Should the Management Plane fail or the cluster hosting the Management plane become non-operational, you will need to restore the Management Plane to resume normal operation status. The recovery is done using a helm base install.

This scenario will walk through the task of restoring configuration from our failed Management Cluster on a newly-installed Management Cluster.

Prerequisites

This guide makes the following assumptions:

  • You installed the Management Plane using Helm
  • The PostgreSQL Database is available, or can be restored from a backup.
  • The ElasticSearch Database (metrics) is available. Either, the database is external to failed cluster, it can be restored from a backup, or a fresh (empty) ElasticSearch database can be used and loss-of-metrics tolerated
  • All Certificates for the new Management Plane cluster use the same Root Certificate Authority as previous failed cluster
  • You can update any DNS record used to discover the Management Plane
  • You have a backup of the iam-signing-key
  • You have a backup of the Root CA used (if necessary)
  • You have a backup of the Helm values used to install the Management Plane (for reference)
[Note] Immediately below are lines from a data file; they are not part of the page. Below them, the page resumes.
(* Consider the symmetric Markov process and the associated quantities described in the context (satisfying Assumptions (A), (B), (C), (D) and the ergodicity condition (E$_s$)). Define \[F(t)=\sum_{j=1}^{K(c+1)}\gamma_j\sum_{n_0=0}^\infty\sum_{m=0}^c\beta_{0,j}^{n_0}\,\omega_j(m)\,F_{n_0,m}(t),\qquad t\ge0.\] Then \[F(t)=\sum_{j=1}^{K(c+1)}\frac{\gamma_j\,\omega_j\mathbf 1}{1-\beta_{0,j}}\exp\Bigl(t\sum_{i=1}^K\Bigl(1-\frac{1}{\beta_{0,j}^{\,i}}\Bigr)\lambda_i\Bigr),\qquad t\ge0,\] where $\omega_j=(\omega_j(0),\dots,\omega_j(c))$ and $\mathbf 1$ is the column vector of $c+1$ ones.
   Context: Fix integers $c\ge1$, $K\ge1$. Consider an irreducible continuous-time Markov process on $V\cup W$, $V$ finite, $W=\{\mathbf n=(n_0,\dots,n_c): n_0\in\{0,1,\dots\},\ n_i\in\{0,1\}\}$, which is symmetric: there are nonnegative rates $a_k,b_k,c_k,d_k$ ($k\le K$ integer), the same for every $i$. From $\mathbf n\in W$, for each $i\in\{1,\dots,c\}$ and $k\in\{-n_0,\dots,K\}$, it jumps (changing only coordinates $0$ and $i$) from $(n_0,n_i)=(n_0,0)$ to $(n_0+k,1)$ at rate $a_k$ and to $(n_0+k,0)$ at rate $b_k$, and from $(n_0,1)$ to $(n_0+k,1)$ at rate $c_k$ and to $(n_0+k,0)$ at rate $d_k$; from $\mathbf n$ it jumps into $V$ with total rate $\sum_i\sum_{k\le-n_0-1}((1-n_i)(a_k+b_k)+n_i(c_k+d_k))$; no other transitions leave $W$; from $V$ no transitions go to states with $n_0\ge K$. Let $A(z)=\sum_{k\le K}a_kz^{K-k}$, similarly $B,C,D$; $F(z)=z^K(A(1)+B(1)-C(1)-D(1))-B(z)+C(z)$; for $|z|<1$ let $R(z)$ be a fixed square root of $F(z)^2+4A(z)D(z)$. Assumption (A): (i) $A(1),B(1),C(1),D(1)<\infty$; (ii) $A(1),D(1)>0$; (iii) $A'(1),B'(1),C'(1),D'(1)<\infty$; (iv) $a_K=0$ or $d_K=0$; (v) $b_K=c_K\ne0$. Ergodicity (E$_s$): $0<D(1)(A'(1)-KA(1)+B'(1)-KB(1))+A(1)(C'(1)-KC(1)+D'(1)-KD(1))$. For $\eta\in[-1,1]$ let $(\mathrm S_\eta)$ be the equation $\eta R(\beta_0)=B(\beta_0)+C(\beta_0)-\beta_0^K(A(1)+B(1)+C(1)+D(1))$. Assumptions (B),(C): for every $\eta\in\{(c-2k)/c:k=0,\dots,c\}$ and every root $\beta_0$ of $(\mathrm S_\eta)$ with $|\beta_0|<1$: $F(\beta_0)^2+4A(\beta_0)D(\beta_0)\ne0$ and $D(\beta_0)\ne0$. Aggregated representation: with $p$ the equilibrium distribution and $p(n_0,m)=\sum_{\mathbf n\in W:\ n_1+\dots+n_c=m}p(\mathbf n)$, let $(\eta^{(j)},\beta_{0,j})$, $j=1,\dots,K(c+1)$, be the pairs with $\eta^{(j)}\in\{(c-2k)/c:k=0,\dots,c\}$ and $\beta_{0,j}$ a root of $(\mathrm S_{\eta^{(j)}})$ with $|\beta_{0,j}|<1$; pick $x^{(j)}\in\{-1,1\}^c$ with $-\frac1c\sum_ix^{(j)}_i=\eta^{(j)}$, let $\beta_{i,j}=(F(\beta_{0,j})+x^{(j)}_iR(\beta_{0,j}))/(2D(\beta_{0,j}))$ and $\omega_j(m)=\sum_{n_i\in\{0,1\},\,n_1+\dots+n_c=m}\prod_{i=1}^c\beta_{i,j}^{n_i}$. The constants $\gamma_j$ are the (complex) constants with $p(n_0,m)=\sum_{j=1}^{K(c+1)}\gamma_j\beta_{0,j}^{n_0}\omega_j(m)$ for all $n_0\ge0$, $m=0,\dots,c$. Level matrices: for integers $k\le K$ define $(c+1)\times(c+1)$ matrices $\Lambda_k$ indexed by $m,m'\in\{0,\dots,c\}$ with $\Lambda_k(m,m+1)=a_k(c-m)$, $\Lambda_k(m,m-1)=d_km$, $\Lambda_k(m,m)=b_k(c-m)+c_km$ for $k\ne0$, and for $k=0$ the same off-diagonal entries but $\Lambda_0(m,m)=b_0(c-m)+c_0m-\sum_{k\le K}\bigl((a_k+b_k)(c-m)+(c_k+d_k)m\bigr)$; all other entries $0$. Assumption (D): $\Lambda_i=\lambda_iI$ for $i=1,\dots,K$, for some $\lambda_i\ge0$. First passage: for $n_0\ge0$, $m\in\{0,\dots,c\}$, let $F_{n_0,m}(t)$ be the probability that the first passage time to $V$ exceeds $t$, for the aggregated process $(n_0,m)$ (where $m=n_1+\dots+n_c$) started at $(n_0,m)$ at time $0$ in which all transitions in the positive $n_0$-direction (those with rates $a_k,b_k,c_k,d_k$, $k>0$) are suppressed for $t\ge0$; equivalently, $F_{n_0}(t)=(F_{n_0,0}(t),\dots,F_{n_0,c}(t))^T$ solves $F_{n_0}'(t)=\sum_{i=0}^K\Lambda_iF_{n_0}(t)+\sum_{k=1}^{n_0}\Lambda_{-k}F_{n_0-k}(t)$, $F_{n_0}(0)=\mathbf 1$. *)

theory Defs
  imports "HOL-Analysis.Analysis"
begin
(* Let $a,b,d\in\mathbb C$ with $a\notin\mathbb Z$ and $d\notin\{0,-1,-2,\dots\}$. Then, as an identity of formal power series in $x,y$, $$\mathrm H_4(a,b;d;x,y)={}_1F_1(a;d;x)\,{}_1F_1(b;1-a;-y)+\sum_{k=1}^\infty\sum_{l=1}^k\frac{(-1)^{k+l}(k-1)!}{(l-1)!\,l!\,(k-l)!}\,\frac{(b)_l}{(1-a)_l(d)_k}\,x^ky^l\,{}_1F_1(a+k;d+k;x)\,{}_1F_1(b+l;1-a+l;-y).$$
   Context: Pochhammer symbol: $(\lambda)_k=\Gamma(\lambda+k)/\Gamma(\lambda)$ for every integer $k$ (possibly negative) whenever defined; $(\lambda)_0=1$. ${}_1F_1(a;c;x)=\sum_{k\ge0}\frac{(a)_k}{(c)_k k!}x^k$. Confluent Horn function $\mathrm H_4(a,b;d;x,y)=\sum_{p,q\ge0}\frac{(a)_{p-q}(b)_q}{(d)_p\,p!\,q!}x^py^q$. All functions are regarded as formal power series in $x,y$; the infinite double sum converges in the formal (degree) topology. *)

theory Defs
  imports "HOL-Computational_Algebra.Formal_Power_Series"
begin

text \<open>Bivariate formal power series over the complex numbers are modelled as
  complex fps fps: the outer variable is x, the inner variable is y, so the
  coefficient of x^p y^q of F is fps_nth (fps_nth F p) q.\<close>

type_synonym fps2 = "complex fps fps"

definition fpsX2 :: fps2 where "fpsX2 = fps_X"
definition fpsY2 :: fps2 where "fpsY2 = fps_const fps_X"

definition coeff2 :: "fps2 \<Rightarrow> nat \<Rightarrow> nat \<Rightarrow> complex" where
  "coeff2 F p q = fps_nth (fps_nth F p) q"

text \<open>Pochhammer symbol with integer index: (lambda)_k = Gamma(lambda+k)/Gamma(lambda).
  For k = -n < 0 this is 1/((lambda-1)(lambda-2)...(lambda-n)) = 1/(lambda-n)_n.\<close>
definition poch_int :: "complex \<Rightarrow> int \<Rightarrow> complex" where
  "poch_int lam k = (if 0 \<le> k then pochhammer lam (nat k)
                     else inverse (pochhammer (lam + of_int k) (nat (- k))))"

definition hyp1F1_coeff :: "complex \<Rightarrow> complex \<Rightarrow> nat \<Rightarrow> complex" where
  "hyp1F1_coeff a c k = pochhammer a k / (pochhammer c k * fact k)"

definition hyp1F1_x :: "complex \<Rightarrow> complex \<Rightarrow> fps2" where
  "hyp1F1_x a c = Abs_fps (\<lambda>k. fps_const (hyp1F1_coeff a c k))"

definition hyp1F1_negy :: "complex \<Rightarrow> complex \<Rightarrow> fps2" where
  "hyp1F1_negy a c = fps_const (Abs_fps (\<lambda>k. hyp1F1_coeff a c k * (-1) ^ k))"

definition Horn_H4 :: "complex \<Rightarrow> complex \<Rightarrow> complex \<Rightarrow> fps2" where
  "Horn_H4 a b d = Abs_fps (\<lambda>p. Abs_fps (\<lambda>q.
      poch_int a (int p - int q) * pochhammer b q / (pochhammer d p * fact p * fact q)))"

definition fps2_sums :: "(nat \<Rightarrow> fps2) \<Rightarrow> fps2 \<Rightarrow> bool" where
  "fps2_sums f S \<longleftrightarrow> (\<forall>N. \<exists>K. \<forall>n\<ge>K. \<forall>p q. p + q < N \<longrightarrow>
       coeff2 (\<Sum>k<n. f k) p q = coeff2 S p q)"

end

theory Submission
  imports Defs
begin

text \<open>Compare coefficients of \<open>x^p y^q\<close>. Since \<open>a \<notin> \<int>\<close>, the reflection
  \<open>(a)\<^sub>p\<^sub>-\<^sub>q (1-a)\<^sub>q (-1)^q = (a-q)\<^sub>p\<close> holds for every sign of \<open>p - q\<close>, so the coefficient
  of \<open>H4 - \<^sub>1F\<^sub>1 \<^sub>1F\<^sub>1\<close> is a fixed multiple of \<open>(a-q)\<^sub>p - (a)\<^sub>p\<close>. Expanding
  \<open>(a-q)\<^sub>p = \<Sum>\<^sub>k C(p,k) (-1)^k (q)\<^sub>k (a+k)\<^sub>p\<^sub>-\<^sub>k\<close> and splitting
  \<open>(q)\<^sub>k / k! = C(q+k-1,k) = \<Sum>\<^sub>l C(k-1,l-1) C(q,l)\<close> gives exactly the coefficient of the
  double series, to which only the finitely many terms with \<open>k \<le> p\<close> contribute.\<close>

text \<open>Vandermonde's convolution of a falling and a rising factorial:
  \<open>(-1)^k (w)\<^sub>k\<close> is the falling factorial of \<open>-w\<close>.\<close>

lemma pochhammer_minus_binomial_sum:
  fixes a w :: "'a::comm_ring_1"
  shows "pochhammer (a - w) p
    = (\<Sum>k\<le>p. of_nat (p choose k) * (-1)^k * pochhammer w k * pochhammer (a + of_nat k) (p - k))"
proof (induction p arbitrary: a)
  case 0
  then show ?case by simp
next
  case (Suc p a)
  define h where "h k = (-1)^k * pochhammer w k * pochhammer (a + of_nat k) (Suc p - k)" for k
  have h_Suc: "h (Suc k) = - (w + of_nat k) * (-1)^k * pochhammer w k * pochhammer (a + 1 + of_nat k) (p - k)"
    for k by (simp add: h_def pochhammer_rec' algebra_simps)
  have h_le: "h k = (a + of_nat k) * (-1)^k * pochhammer w k * pochhammer (a + 1 + of_nat k) (p - k)"
    if "k \<le> p" for k
    using that by (simp add: h_def Suc_diff_le pochhammer_rec algebra_simps)
  have "pochhammer (a - w) (Suc p) = (a - w) * pochhammer (a + 1 - w) p"
    by (simp add: pochhammer_rec algebra_simps)
  also have "\<dots> = (\<Sum>k\<le>p. of_nat (p choose k) * h k) + (\<Sum>k\<le>p. of_nat (p choose k) * h (Suc k))"
    unfolding Suc[of "a + 1"] sum_distrib_left sum.distrib[symmetric]
    by (intro sum.cong refl) (simp add: h_le h_Suc algebra_simps)
  also have "\<dots> = (\<Sum>k\<le>Suc p. of_nat (p choose k) * h k) + (\<Sum>k\<le>p. of_nat (p choose k) * h (Suc k))"
    by (simp add: binomial_eq_0)
  also have "\<dots> = (\<Sum>k\<le>Suc p. of_nat (Suc p choose k) * h k)"
    unfolding sum.atMost_Suc_shift by (simp add: ring_distribs sum.distrib)
  finally show ?case by (simp add: h_def mult.assoc)
qed

lemma sum_choose_pred_mult_choose:
  assumes "1 \<le> k"
  shows "(\<Sum>l\<in>{1..k}. ((k - 1) choose (l - 1)) * (q choose l)) = (q + k - 1) choose k"
proof -
  have "(q + k - 1) choose k = (\<Sum>l\<le>k. (q choose l) * ((k - 1) choose (k - l)))"
    using vandermonde[of q "k - 1" k] assms by simp
  also have "\<dots> = (\<Sum>l\<in>{1..k}. (q choose l) * ((k - 1) choose (k - l)))"
    using assms by (intro sum.mono_neutral_right) auto
  also have "\<dots> = (\<Sum>l\<in>{1..k}. ((k - 1) choose (l - 1)) * (q choose l))"
    using binomial_symmetric[of "l - 1" "k - 1" for l] by (intro sum.cong refl) auto
  finally show ?thesis by simp
qed

lemma pochhammer_of_nat_eq_fact_mult_choose:
  "pochhammer (of_nat q :: 'a::field_char_0) k = fact k * of_nat ((q + k - 1) choose k)"
proof (cases "q = 0")
  case True
  then show ?thesis by (cases k) (simp_all add: pochhammer_0_left)
next
  case False
  then have "of_nat (q + k - 1) - of_nat k + 1 = (of_nat q :: 'a)"
    by (simp add: of_nat_diff)
  then show ?thesis
    using gbinomial_pochhammer'[of "of_nat (q + k - 1) :: 'a" k] by (simp add: binomial_gbinomial)
qed

lemma pochhammer_nonzero_if_not_Ints:
  fixes x :: "'a::field_char_0"
  assumes "x \<notin> \<int>"
  shows "pochhammer x n \<noteq> 0"
  using assms by (auto simp: pochhammer_eq_0_iff)
text \<open>Along a segment x + s d the function has second derivative (H d)\<bullet>d - 2 d\<bullet>d < 0.\<close>

lemma strictly_concave_on_minus_inner_self:
  fixes \<Phi> :: "real^'n \<Rightarrow> real" and g :: "real^'n \<Rightarrow> real^'n" and H :: "real^'n \<Rightarrow> real^'n^'n"
  assumes S: "convex S" "S \<subseteq> X"
    and D1: "\<And>x. x \<in> X \<Longrightarrow> (\<Phi> has_derivative (\<lambda>h. g x \<bullet> h)) (at x)"
    and D2: "\<And>x. x \<in> X \<Longrightarrow> (g has_derivative (\<lambda>h. H x *v h)) (at x)"
    and norm_H: "\<And>x. x \<in> S \<Longrightarrow> onorm (\<lambda>v. H x *v v) < 2"
  shows "strictly_concave_on S (\<lambda>v. \<Phi> v - v \<bullet> v)"
  unfolding strictly_concave_on_def
proof (intro ballI allI impI)
  fix x y and t :: real assume xy: "x \<in> S" "y \<in> S" "x \<noteq> y" and t: "0 < t" "t < 1"
  define d where "d = y - x"
  define \<gamma> where "\<gamma> s = x + s *\<^sub>R d" for s :: real
  define G where "G s = \<Phi> (\<gamma> s) - \<gamma> s \<bullet> \<gamma> s" for s
  define G' where "G' s = g (\<gamma> s) \<bullet> d - 2 * (\<gamma> s \<bullet> d)" for s
  have \<gamma>_eq: "\<gamma> s = (1 - s) *\<^sub>R x + s *\<^sub>R y" for s
    by (simp add: \<gamma>_def d_def algebra_simps)
  have \<gamma>_S: "\<gamma> s \<in> S" if "0 \<le> s" "s \<le> 1" for s
    unfolding \<gamma>_eq using convexD[OF S(1) xy(1,2), of "1 - s" s] that by simp
  have \<gamma>_X: "\<gamma> s \<in> X" if "0 \<le> s" "s \<le> 1" for s
    using \<gamma>_S[OF that] S(2) by blast
  have d\<gamma>: "(\<gamma> has_derivative (\<lambda>h. h *\<^sub>R d)) (at s)" for s
    unfolding \<gamma>_def by (auto intro!: derivative_eq_intros)
  have dG: "(G has_real_derivative G' s) (at s)" if "0 \<le> s" "s \<le> 1" for s
  proof -
    have "(G has_derivative (\<lambda>h. g (\<gamma> s) \<bullet> (h *\<^sub>R d) - (\<gamma> s \<bullet> h *\<^sub>R d + h *\<^sub>R d \<bullet> \<gamma> s))) (at s)"
      unfolding G_def[abs_def]
      by (intro has_derivative_diff has_derivative_inner d\<gamma>
          has_derivative_compose[OF d\<gamma> D1[OF \<gamma>_X[OF that]]])
    moreover have "(\<lambda>h. g (\<gamma> s) \<bullet> (h *\<^sub>R d) - (\<gamma> s \<bullet> h *\<^sub>R d + h *\<^sub>R d \<bullet> \<gamma> s)) = (*) (G' s)"
      by (auto simp: G'_def inner_commute algebra_simps)
    ultimately show ?thesis by (simp add: has_field_derivative_def)
  qed
  have dG': "(G' has_real_derivative (H (\<gamma> s) *v d) \<bullet> d - 2 * (d \<bullet> d)) (at s)"
    if "0 \<le> s" "s \<le> 1" for s
  proof -
    have "(G' has_derivative (\<lambda>h. (H (\<gamma> s) *v (h *\<^sub>R d)) \<bullet> d - 2 * (h *\<^sub>R d \<bullet> d))) (at s)"
      unfolding G'_def[abs_def]
      by (intro has_derivative_diff has_derivative_mult_right has_derivative_inner_left d\<gamma>
          has_derivative_compose[OF d\<gamma> D2[OF \<gamma>_X[OF that]]])
    moreover have "(\<lambda>h. (H (\<gamma> s) *v (h *\<^sub>R d)) \<bullet> d - 2 * (h *\<^sub>R d \<bullet> d))
        = (*) ((H (\<gamma> s) *v d) \<bullet> d - 2 * (d \<bullet> d))"
      by (auto simp: matrix_vector_mult_scaleR algebra_simps)
    ultimately show ?thesis by (simp add: has_field_derivative_def)
  qed
  have d_nonzero: "d \<noteq> 0" using xy(3) by (simp add: d_def)
  have concave: "(H (\<gamma> s) *v d) \<bullet> d - 2 * (d \<bullet> d) < 0" if "0 \<le> s" "s \<le> 1" for s
    using inner_matrix_vector_less_of_onorm_less[OF norm_H[OF \<gamma>_S[OF that]] d_nonzero] by linarith
  have "G' b < G' a" if "0 \<le> a" "a < b" "b \<le> 1" for a b
  proof (rule DERIV_neg_imp_decreasing[OF that(2)])
    fix s assume "a \<le> s" "s \<le> b"
    with that have "0 \<le> s" "s \<le> 1" by linarith+
    with dG' concave show "\<exists>y. (G' has_real_derivative y) (at s) \<and> y < 0" by blast
  qed
  then have "(1 - t) * G 0 + t * G 1 < G t"
    using strict_concavity_of_decreasing_derivative[OF dG _ t] by blast
  then show "(1 - t) * (\<Phi> x - x \<bullet> x) + t * (\<Phi> y - y \<bullet> y)
      < \<Phi> ((1 - t) *\<^sub>R x + t *\<^sub>R y) - ((1 - t) *\<^sub>R x + t *\<^sub>R y) \<bullet> ((1 - t) *\<^sub>R x + t *\<^sub>R y)"
    by (simp add: G_def \<gamma>_eq)
qed
(* Let $n\geq 2$. Every countable dense $n$-dimensional partial order with realizers is isomorphic to $\mathbf{D}_{n,<_1,\ldots,<_n}=(D_n,<,<_1,\ldots,<_n)$, and $\mathbf{D}_{n,<_1,\ldots,<_n}$ is itself a countable dense $n$-dimensional partial order with realizers; i.e. it is the unique such structure up to isomorphism.
   Context: Fix $n\geq 2$ and a set $D_n\subseteq\mathbb{Q}^n$ which is dense in $\mathbb{Q}^n$ (product topology) and such that no two distinct points of $D_n$ share a common coordinate. On $D_n$, $<$ is the product order ($\mathbf{a}<\mathbf{b}$ iff $a_i\leq b_i$ for all $i$ and $\mathbf{a}\neq\mathbf{b}$) and $<_i$ is the $i$th coordinate order ($\mathbf{a}<_i\mathbf{b}$ iff $a_i<b_i$). An $n$-dimensional partial order with realizers is a structure $(P,<,<_1,\ldots,<_n)$ ($P$ nonempty) where $<_1,\ldots,<_n$ are strict linear orders on $P$ and $a<b$ iff $a<_ib$ for all $i\leq n$. It is dense (i.e. a model of the theory $\mathsf{DPO}_{n,<_1,\ldots,<_n}$) if every region determined by finitely many points is nonempty, precisely: for every nonempty finite $F\subseteq P$ and every choice, for each $i\leq n$, of a "gap" of $F$ in $<_i$ — namely a pair $(l_i,r_i)$ with $l_i\in F\cup\{-\infty\}$, $r_i\in F\cup\{+\infty\}$, $l_i<_i r_i$ and no element of $F$ strictly $<_i$-between $l_i$ and $r_i$ — there is $u\in P$ with $l_i<_iu<_ir_i$ for all $i\leq n$ (comparisons with $\pm\infty$ being automatically true). Isomorphisms preserve and reflect all of $<,<_1,\ldots,<_n$. *)

theory Defs
  imports Main "HOL-Library.Countable_Set"
begin
lemma derived_central_product:
  assumes P: "subgroup P G" and A: "A \<subseteq> center G" and PA: "P <#> A = carrier G"
  shows "derived G (carrier G) = derived (G\<lparr>carrier := P\<rparr>) P"
proof -
  have "derived_set G (carrier G) = derived_set G P"
  proof
    show "derived_set G P \<subseteq> derived_set G (carrier G)" using subgroup.subset[OF P] by blast
    show "derived_set G (carrier G) \<subseteq> derived_set G P"
    proof clarify
      fix g1 g2 assume g: "g1 \<in> carrier G" "g2 \<in> carrier G"
      obtain a1 b1 where ab1: "a1 \<in> P" "b1 \<in> A" "g1 = a1 \<otimes> b1" using g(1)[folded PA] by (rule set_multE)
      obtain a2 b2 where ab2: "a2 \<in> P" "b2 \<in> A" "g2 = a2 \<otimes> b2" using g(2)[folded PA] by (rule set_multE)
      have "g1 \<otimes> g2 \<otimes> inv g1 \<otimes> inv g2 = a1 \<otimes> a2 \<otimes> inv a1 \<otimes> inv a2"
        using ab1 ab2 commutator_mult_central subgroup.subset[OF P] A by blast
      thus "g1 \<otimes> g2 \<otimes> inv g1 \<otimes> inv g2 \<in> derived_set G P" using ab1 ab2 by blast
    qed
  qed
  thus ?thesis using derived_consistent[OF order_refl P] unfolding derived_def by simp
qed

lemma center_central_product:
  assumes P: "subgroup P G" and A: "A \<subseteq> center G" and PA: "P <#> A = carrier G"
  shows "center (G\<lparr>carrier := P\<rparr>) = center G \<inter> P"
proof
  show "center G \<inter> P \<subseteq> center (G\<lparr>carrier := P\<rparr>)"
    using subgroup.subset[OF P] unfolding center_def by auto
  show "center (G\<lparr>carrier := P\<rparr>) \<subseteq> center G \<inter> P"
  proof
    fix z assume "z \<in> center (G\<lparr>carrier := P\<rparr>)"
    hence z: "z \<in> P" "\<And>x. x \<in> P \<Longrightarrow> z \<otimes> x = x \<otimes> z" unfolding center_def by auto
    have zc: "z \<in> carrier G" using z(1) subgroup.subset[OF P] by blast
    have z_ab: "z \<otimes> (a \<otimes> b) = (a \<otimes> b) \<otimes> z" if "a \<in> P" "b \<in> A" for a b
    proof -
      have b: "b \<in> center G" using that(2) A by blast
      have a: "a \<in> carrier G" using that(1) subgroup.subset[OF P] by blast
      have bc: "b \<in> carrier G" using center_closed[OF b] .
      have "z \<otimes> (a \<otimes> b) = (z \<otimes> a) \<otimes> b" using zc a bc by (simp only: m_assoc)
      also have "\<dots> = a \<otimes> (z \<otimes> b)" using zc a bc by (simp only: z(2)[OF that(1)] m_assoc)
      also have "\<dots> = (a \<otimes> b) \<otimes> z" using zc a bc by (simp only: center_commute[OF b zc, symmetric] m_assoc)
      finally show ?thesis .
    qed
    have "z \<otimes> g = g \<otimes> z" if "g \<in> carrier G" for g
      using that[folded PA] by (rule set_multE) (simp add: z_ab)
    hence "z \<in> center G" by (rule centerI[OF zc])
    thus "z \<in> center G \<inter> P" using z(1) by blast
  qed
qed

end

locale derived_order_p_square = group +
  fixes p :: nat
  assumes finite_carrier: "finite (carrier G)"
    and prime_p: "Factorial_Ring.prime p"
    and gcd_p_minus_1_order: "gcd (p - 1) (order G) = 1"
    and card_derived: "card (derived G (carrier G)) = p ^ 2"
    and card_derived_inter_center: "card (derived G (carrier G) \<inter> center G) = p"
begin

abbreviation D where "D \<equiv> derived G (carrier G)"
abbreviation Z0 where "Z0 \<equiv> D \<inter> center G"

lemma D_subgroup: "subgroup D G"
  by (rule derived_is_subgroup) simp

lemma Z0_subgroup: "subgroup Z0 G"
  by (rule subgroups_Inter_pair[OF D_subgroup center_subgroup])

lemma finite_D: "finite D"
  using finite_carrier subgroup.subset[OF D_subgroup] finite_subset by blast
You should review the Helm Installation Procedure and any specific notes before proceeding. Please work with Tetrate Technical Support to go through the following procedure:

  1. Restore the Postgres Database (if necessary)

    If you plan to use an external Postgres database, and the existing instance is not available:

    • Deploy or acquire a new Postgres database, taking note of the credentials (for example, username and password) that can be used to create and manage schemas, tables and contents within the database (reference)
    • Import the current or recent backup to the Postgres Database (reference)

    Wait for the restore to complete before proceeding.

    If you plan to use the embedded Postgres database, this is installed with the management plane and you'll restore the contents later in this process.

  2. Create a new Management Plane cluster

    Create a new Kubernetes cluster for the Tetrate Management Plane. Note that the management plane will be installed in the tsb namespace in this cluster. A dedicated cluster is recommended.

  3. Install Dependencies

    Install the required dependencies into the cluster. These dependencies will likely include:

    • Cert-Manager (if you're not using the bundled cert-manager instance) and related issuers/certificates. Ensure you use the same root CA
    • Any secrets that hold credentials/certificates for the Management Plane
    • The iam-signing-key from the failed Management Plane cluster - optional

    Install the iam-signing-key secret using kubectl apply:

    Restore the iam-signing-key secret into the tsb namespace:

    kubectl apply -n tsb -f source_mp_operational_secrets.yaml

    If this is not possible, you will need to reconfigure each Control Plane with a fresh secret later in this procedure.

    For more information, refer to the Helm Installation Guide.

  4. Prepare the configuration

    Using the mp-values.yaml from the original installation, update any required fields such as the hub or registry, or any other environment dependent fields if required.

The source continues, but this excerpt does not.